It’s been in my mind if we are using the software/program or even hardware of a tech company, we can play around, install-unsinstall and more. Then how is it so difficult for someone to “unhide” the source code that the device uses? Technically the code is in the device somewhere hidden in it, so it’s there, but still, it’s almost impossible to obtain the source code. How do they achieve this so no one copies their code?
In: 366
Let me try to get more “for a 5 y.o.” by trying to explain how a processor works and how we (historically) tried to make programming easier (but also make decompiling harder).
You have probably heard that computers “only use 0 and 1”, even though you clearly interact with e.g. your smartphone using text and pictures and other abstract concepts. So this is where we go back to the 0s and 1s… 🙂
A command that your computers CPU (or “processor”) can *actually* understand could be represented e.g. as `10110101`. This means that it should set the electricity to **on** for the first transistor, to **off** for the second, then the next two are **on** again, etc. This is what we call an “opcode” (short for “operation code”).
Of course, the processor is immensely complex, and the commands are also more complex nowadays, but that is basically how a processor command works.
To make their lives easier, programmers first started to use shorter hexadecimal numbers instead of the long binary numbers above (in this case: `B5`) and then they gave them more meaningful names (e.g. `ADD` or `JMP`) and called this “Assembler”, but the principle is still the same: you need a series of numbers that represent the transistor states that the processor should take.
The next step would be to find a way to write something more human-readable and convert (=”compile”) this into such opcodes. The early compiler languages did just that. They let you write something like `let xpos = ypos + 3` and converted this into a set of processor opcodes that could be transcribed as:
> take the value from the memory cell whose address is stored in the variable `ypos`, add a fixed value of 3 to it and then write the result into the memory cell whose address is stored in variable `xpos`.
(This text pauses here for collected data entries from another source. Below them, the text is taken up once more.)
lemma card_edge_runs_le: "card (edge_runs R n m) \<le> 2 * ((m - 1) * (n - 1))"
proof -
  let ?P = "{Suc n - m..<n}"
  have "edge_runs R n m \<subseteq> {(i, j). i < n \<and> j < n \<and> i \<noteq> j \<and> (i \<in> ?P \<or> j \<in> ?P)}"
    unfolding edge_runs_def by (intro subsetI, clarify) (simp, linarith)
  then have "card (edge_runs R n m) \<le> card {(i, j). i < n \<and> j < n \<and> i \<noteq> j \<and> (i \<in> ?P \<or> j \<in> ?P)}"
    by (intro card_mono finite_offdiag)
  also have "\<dots> \<le> 2 * (card (?P \<inter> {..<n}) * (n - 1))"
    by (rule card_offdiag_touching_le)
  also have "card (?P \<inter> {..<n}) \<le> m - 1"
    by (simp add: Int_absorb2 subset_eq)
  finally show ?thesis by simp
qed

lemma card_edge_runs_Suc_le: "card (edge_runs R n (Suc m)) \<le> card (edge_runs R n m) + 2 * (n - 1)"
proof -
  let ?M = "{(i, j). i < n \<and> j < n \<and> i \<noteq> j \<and> (i \<in> {n - m} \<or> j \<in> {n - m})}"
  have "edge_runs R n (Suc m) \<subseteq> edge_runs R n m \<union> ?M"
    unfolding edge_runs_def diag_run_Suc_last by (intro subsetI, clarify) auto
  then have "card (edge_runs R n (Suc m)) \<le> card (edge_runs R n m \<union> ?M)"
    using finite_edge_runs finite_offdiag by (intro card_mono) auto
  also have "\<dots> \<le> card (edge_runs R n m) + card ?M"
    by (rule card_Un_le)
  also have "card ?M \<le> 2 * (card ({n - m} \<inter> {..<n}) * (n - 1))"
    by (rule card_offdiag_touching_le)
  also have "\<dots> \<le> 2 * (n - 1)"
    by (cases "n - m < n") auto
  finally show ?thesis by simp
qed

lemma is_line_unique:
  assumes "is_line f x n \<epsilon> i j L1" and "is_line f x n \<epsilon> i j L2"
  shows "L1 = L2"
proof -
  have "\<not> L1 < L2" if "is_line f x n \<epsilon> i j L1" "is_line f x n \<epsilon> i j L2" for L1 L2
  proof
    assume "L1 < L2"
    with that(2) have "rplot f x \<epsilon> (i + L1) (j + L1)" and "max i j < n - L1"
      unfolding is_line_def by auto
    with that(1) show False
      unfolding is_line_def by blast
  qed
  with assms show ?thesis by (meson linorder_neqE_nat)
qed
That is a lot of different opcodes to write, and things get more complicated once you use loops, if-then statements and subroutines.
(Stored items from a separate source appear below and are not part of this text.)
(* Let $\pi$ be a probability density on $\mathbb{R}^d$ with $\pi(x)>0$ for all $x$ and $\log\pi\in C^1(\mathbb{R}^d)$, and assume: (i) $\pi(x)=\pi_1(x_1)\pi_{2:d}(x_2,\dots,x_d)$ for some densities $\pi_1$ on $\mathbb{R}$ and $\pi_{2:d}$ on $\mathbb{R}^{d-1}$; (ii) for some $q\in[0,1)$, $\left|\frac{d}{dx_1}\log\pi_1(x_1)\right|=\Theta(|x_1|^q)$ as $|x_1|\to\infty$. For $\lambda>0$ let $\pi^{(\lambda)}(x):=\lambda^{-1}\pi(x_1/\lambda,x_2,\dots,x_d)$, fix $\sigma>0$, and let $P^M_\lambda$ be the Metropolis--Hastings kernel with target $\pi^{(\lambda)}$ and MALA candidate kernel $Q^M_\lambda(x,\cdot)=N\big(x+\frac{\sigma^2}{2}\nabla\log\pi^{(\lambda)}(x),\sigma^2\mathbb{I}_d\big)$. Then there is $\gamma>0$ such that $\mathrm{Gap}(P^M_\lambda)\le\Theta\big(e^{-\gamma\lambda^{-(1+q)}+q\log\lambda}\big)$ as $\lambda\downarrow0$, i.e. $\limsup_{\lambda\downarrow0}\mathrm{Gap}(P^M_\lambda)\,e^{\gamma\lambda^{-(1+q)}-q\log\lambda}<\infty$.
   Context: Metropolis--Hastings kernel with target density $\pi$ and candidate kernel $Q(x,dy)=q(x,y)dy$: $P(x,dy)=\alpha(x,y)Q(x,dy)+r(x)\delta_x(dy)$ with $\alpha(x,y)=\min\{1,\pi(y)q(y,x)/(\pi(x)q(x,y))\}$ and $r(x)=1-\int\alpha(x,y)Q(x,dy)$. $\mathrm{Gap}(P)=\inf_{f\in L^2_{0,1}(\pi)}\frac12\int (f(y)-f(x))^2\pi(dx)P(x,dy)$ with $L^2_{0,1}(\pi)=\{f:\mathbb{E}_\pi f=0,\mathrm{Var}_\pi f=1\}$. $F=\Theta(G)$ as $|x_1|\to\infty$ means $\liminf F/G>0$ and $\limsup F/G<\infty$. *)

theory Defs
  imports "HOL-Analysis.Analysis"
begin

definition grad :: "(real^'n \<Rightarrow> real) \<Rightarrow> real^'n \<Rightarrow> real^'n" where
  "grad f x = (\<chi> i. frechet_derivative f (at x) (axis i 1))"

definition gauss_dens :: "real \<Rightarrow> real^'n \<Rightarrow> real^'n \<Rightarrow> real" where
  "gauss_dens \<sigma> m y =
     (2 * pi * \<sigma>\<^sup>2) powr (- real CARD('n) / 2) * exp (- (norm (y - m))\<^sup>2 / (2 * \<sigma>\<^sup>2))"

definition mala_q :: "real \<Rightarrow> (real^'n \<Rightarrow> real) \<Rightarrow> real^'n \<Rightarrow> real^'n \<Rightarrow> real" where
  "mala_q \<sigma> p x y = gauss_dens \<sigma> (x + (\<sigma>\<^sup>2 / 2) *\<^sub>R grad (\<lambda>z. ln (p z)) x) y"

definition mh_accept :: "('a \<Rightarrow> real) \<Rightarrow> ('a \<Rightarrow> 'a \<Rightarrow> real) \<Rightarrow> 'a \<Rightarrow> 'a \<Rightarrow> real" where
  "mh_accept p q x y = min 1 (p y * q y x / (p x * q x y))"

definition mh_rej :: "('a::euclidean_space \<Rightarrow> real) \<Rightarrow> ('a \<Rightarrow> 'a \<Rightarrow> real) \<Rightarrow> 'a \<Rightarrow> ennreal" where
  "mh_rej p q x = 1 - (\<integral>\<^sup>+ y. ennreal (mh_accept p q x y * q x y) \<partial>lborel)"

(* integral of a nonnegative g against the MH kernel P(x,dy) = alpha(x,y) q(x,y) dy + r(x) delta_x(dy) *)
definition mh_kernel_int ::
  "('a::euclidean_space \<Rightarrow> real) \<Rightarrow> ('a \<Rightarrow> 'a \<Rightarrow> real) \<Rightarrow> 'a \<Rightarrow> ('a \<Rightarrow> real) \<Rightarrow> ennreal" where
  "mh_kernel_int p q x g =
     (\<integral>\<^sup>+ y. ennreal (mh_accept p q x y * q x y * g y) \<partial>lborel) + mh_rej p q x * ennreal (g x)"

definition L2_01 :: "('a::euclidean_space \<Rightarrow> real) \<Rightarrow> ('a \<Rightarrow> real) set" where
  "L2_01 p = {f. f \<in> borel_measurable lborel
              \<and> integrable lborel (\<lambda>x. p x * f x)
              \<and> integrable lborel (\<lambda>x. p x * (f x)\<^sup>2)
              \<and> (\<integral>x. p x * f x \<partial>lborel) = 0
              \<and> (\<integral>x. p x * (f x - (\<integral>z. p z * f z \<partial>lborel))\<^sup>2 \<partial>lborel) = 1}"

definition mh_gap :: "('a::euclidean_space \<Rightarrow> real) \<Rightarrow> ('a \<Rightarrow> 'a \<Rightarrow> real) \<Rightarrow> ennreal" where
  "mh_gap p q = (INF f \<in> L2_01 p.
     ennreal (1/2) * (\<integral>\<^sup>+ x. ennreal (p x) * mh_kernel_int p q x (\<lambda>y. (f y - f x)\<^sup>2) \<partial>lborel))"

(* pi^(lambda)(x) = lambda^{-1} pi(x_1/lambda, x_2, ..., x_d), first coordinate = index i1 *)
definition pi_scaled :: "'n \<Rightarrow> real \<Rightarrow> (real^'n \<Rightarrow> real) \<Rightarrow> real^'n \<Rightarrow> real" where
  "pi_scaled i1 l p x = p (\<chi> i. if i = i1 then x $ i / l else x $ i) / l"

end

(*
  For a set B with 0 < \<pi>(B) \<le> 1/2, the standardized indicator of B is a test function
  in L2_01, so Gap(P) \<le> 2 A whenever the probability flow min(\<pi>(x) q(x,y), \<pi>(y) q(y,x))
  out of every x \<in> B integrates to at most A \<pi>(x).  Take for B the box 1 \<le> x\<^sub>1 \<le> 2,
  0 \<le> x\<^sub>i \<le> 2.

  Since \<pi>\<^sub>1 is integrable and |(log \<pi>\<^sub>1)'| \<ge> c\<^sub>1 > 0 on its tails, (log \<pi>\<^sub>1)' \<le> -c\<^sub>1 on
  the right tail and \<ge> c\<^sub>1 on the left tail.  For small \<lambda> the MALA proposal from B under
  \<pi>\<^sup>(\<lambda>) is therefore centred at x\<^sub>1 \<le> 2 - K with K = \<sigma>\<^sup>2 c\<^sub>1 / (2 \<lambda>).  A proposal y with
  y\<^sub>1 \<ge> 2 - K/2 costs a Gaussian factor e^(-K\<^sup>2/(16 \<sigma>\<^sup>2)); one with y\<^sub>1 < 2 - K/2 lies in
  the left tail, where \<pi>\<^sup>(\<lambda>)(y) \<le> e^(-c\<^sub>1 K/(4 \<lambda>)) \<pi>\<^sup>(\<lambda>)(y + K/4 e\<^sub>1).  Both are
  e^(-a/\<lambda>\<^sup>2), while the upper bound |(log \<pi>\<^sub>1)'| = O(|t|\<^sup>q) only gives the lower bound
  \<pi>\<^sup>(\<lambda>) \<ge> e^(-O(\<lambda>^(-(1+q)))) on B.  As q < 1, Gap \<le> e^(-a/\<lambda>\<^sup>2 + O(\<lambda>^(-(1+q)))), and
  \<gamma> = 1 already works.
*)
theory Submission
  imports Defs "HOL-Probability.Distributions"
begin

section \<open>Coordinate updates and Lebesgue measure\<close>

definition vec_upd :: "'a^'n \<Rightarrow> 'n \<Rightarrow> 'a \<Rightarrow> 'a^'n" where
  "vec_upd x k t = (\<chi> i. if i = k then t else x $ i)"

lemma vec_upd_nth [simp]: "vec_upd x k t $ i = (if i = k then t else x $ i)"
  by (simp add: vec_upd_def)

lemma vec_upd_eq_add_axis: "vec_upd x k t = vec_upd x k 0 + t *\<^sub>R axis k (1::real)"
  by (simp add: vec_eq_iff axis_def)

lemma norm_vec_upd_zero_le: "norm (vec_upd x k 0) \<le> norm (x::real^'n)"
  by (rule norm_le_componentwise_cart) simp

lemma emeasure_lborel_atLeast: "emeasure lborel {a::real..} = \<infinity>"
proof -
  have "of_nat n \<le> emeasure lborel {a::real..}" for n
    using emeasure_mono[of "{a..a + real n}" "{a..}" lborel]
    by (simp add: ennreal_of_nat_eq_real_of_nat)
  then have "(SUP n. of_nat n :: ennreal) \<le> emeasure lborel {a..}"
    by (rule SUP_least)
  then show ?thesis
    by (simp add: ennreal_SUP_of_nat_eq_top top_unique)
qed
And when you look at “higher” programming languages (think C++) all the abstraction and encapsulation makes things even more complicated.
Now, going from the machine code (the zeros and ones) to the short mnemonic codes of Assembler is relatively easy. They are basically the same, really. But the further you go from there the more complicated it gets. There might be many reasons why a disassembler finds the opcode to load something from a memory cell, and there can be many reasons to add a fixed value. At some point, the disassembler will have to guess what is the most likely original source code.
But most importantly, the processor code does not contain any variable or function names, no comments and no other information that was present in the high-level source code. It will just give variable names like `a`, `b`, etc. and you will have to figure out what these mean.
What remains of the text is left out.